:: Your assignment ::
Report back every line of the entries that contains "then", exactly as written.

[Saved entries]
▼
lemma Q_step: "1 \<le> t \<Longrightarrow> Q (t + 1) * R (t + 1) = Lr * Q t - \<beta> \<cdot>\<^sub>m (Q (t - 1) * minv (R t)) + Ur * Xi t"
  unfolding Q_def by (rule projected_step[OF Ur_carrier Lam_rest_carrier Ur_mult_A])

(* Ring laws for k x k matrices with the dimensions fixed, so that simp can discharge
   the carrier side conditions. *)
lemmas k_square_simps =
  assoc_mult_mat[of _ k k _ k _ k] add_mult_distrib_mat[of _ k k _ _ k]
  mult_add_distrib_mat[of _ k k _ k] minus_mult_distrib_mat[of _ k k _ _ k]
  mult_minus_distrib_mat[of _ k k _ k] mult_smult_assoc_mat[of _ k k _ k]
  mult_smult_distrib[of _ k k _ k] mult_carrier_mat[of _ k k _ k] minus_carrier_mat
  right_mult_one_mat[of _ k k]

lemmas rest_rows_simps =
  assoc_mult_mat[of _ "d - k" k _ k _ k] add_mult_distrib_mat[of _ "d - k" k _ _ k]
  minus_mult_distrib_mat[of _ "d - k" k _ _ k] mult_smult_assoc_mat[of _ "d - k" k _ k]
  assoc_mult_mat[of _ "d - k" "d - k" _ k _ k] mult_carrier_mat[of _ "d - k" k _ k]
  mult_carrier_mat[of _ "d - k" "d - k" _ k] minus_carrier_mat

lemma op_norm_le_P: "op_norm_le (P t) 1"
  using op_norm_le_mult[OF Uk_carrier X_carrier
      op_norm_le_transpose_Ufirst[OF U_carrier U_orthogonal less_imp_le[OF k_less]]
      op_norm_le_isometry[OF X_carrier X_orthonormal]]
  unfolding P_def by simp

lemma cos_theta_X: "cos (theta (Ufirst k U) (X t)) = sigma_min (P t)"
  using k_pos op_norm_le_P[of t] carrier_matD[OF X_carrier[of t]] unfolding P_def
  by (intro cos_theta_eq_sigma_min) auto

lemma P0_invertible: "invertible_mat (P 0)"
  using X0_angle sigma_min_mult_le[of _ "P 0"] carrier_matD[OF P_carrier] unfolding cos_theta_X
  by (intro invertible_if_lower_bound[OF P_carrier, where \<rho> = "sigma_min (P 0)"]) auto

lemma op_norm_le_E:
  assumes P_inv: "invertible_mat (P t)"
  shows "op_norm_le (E t) ((1 - 2 * r) / 32)"
proof -
  let ?\<sigma> = "sigma_min (P t)" and ?lk = "lam (k - 1)"
  have "op_norm_le (Uk * Xi t) ((?lk - 2 * sqrt \<beta>) / 32 * ?\<sigma>)"
    using perturbation[of t] unfolding cos_theta_X by (intro op_norm_le_if_spec_norm_le) simp
  then have "op_norm_le (minv Lk * (Uk * Xi t)) (1 / ?lk * ((?lk - 2 * sqrt \<beta>) / 32 * ?\<sigma>))"
    using lam_k_pos by (intro op_norm_le_mult[OF minv_Lk_carrier Uk_Xi_carrier op_norm_le_minv_Lk]) auto
  also have "1 / ?lk * ((?lk - 2 * sqrt \<beta>) / 32 * ?\<sigma>) = (1 - 2 * r) / 32 * ?\<sigma>"
    unfolding r_def using lam_k_pos by (simp add: field_simps)
  finally show ?thesis
    unfolding E_eq using r_less_half sigma_min_mult_le[of _ "P t"] carrier_matD[OF P_carrier]
    by (intro op_norm_le_mult_minv[OF mult_carrier_mat[OF minv_Lk_carrier Uk_Xi_carrier]
          P_carrier P_inv]) auto
qed

lemma Ginv_0_near_half: "op_norm_le (Ginv 0 - (1/2) \<cdot>\<^sub>m 1\<^sub>m k) ((1 - 2 * r) / 32)"
proof -
  have "Ginv 0 - (1/2) \<cdot>\<^sub>m 1\<^sub>m k = E 0" unfolding Ginv_def by (intro eq_matI) auto
  then show ?thesis using op_norm_le_E[OF P0_invertible] by simp
qed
▲
:: Exercise result ::
  then have "op_norm_le (minv Lk * (Uk * Xi t)) (1 / ?lk * ((?lk - 2 * sqrt \<beta>) / 32 * ?\<sigma>))"
  then show ?thesis using op_norm_le_E[OF P0_invertible] by simp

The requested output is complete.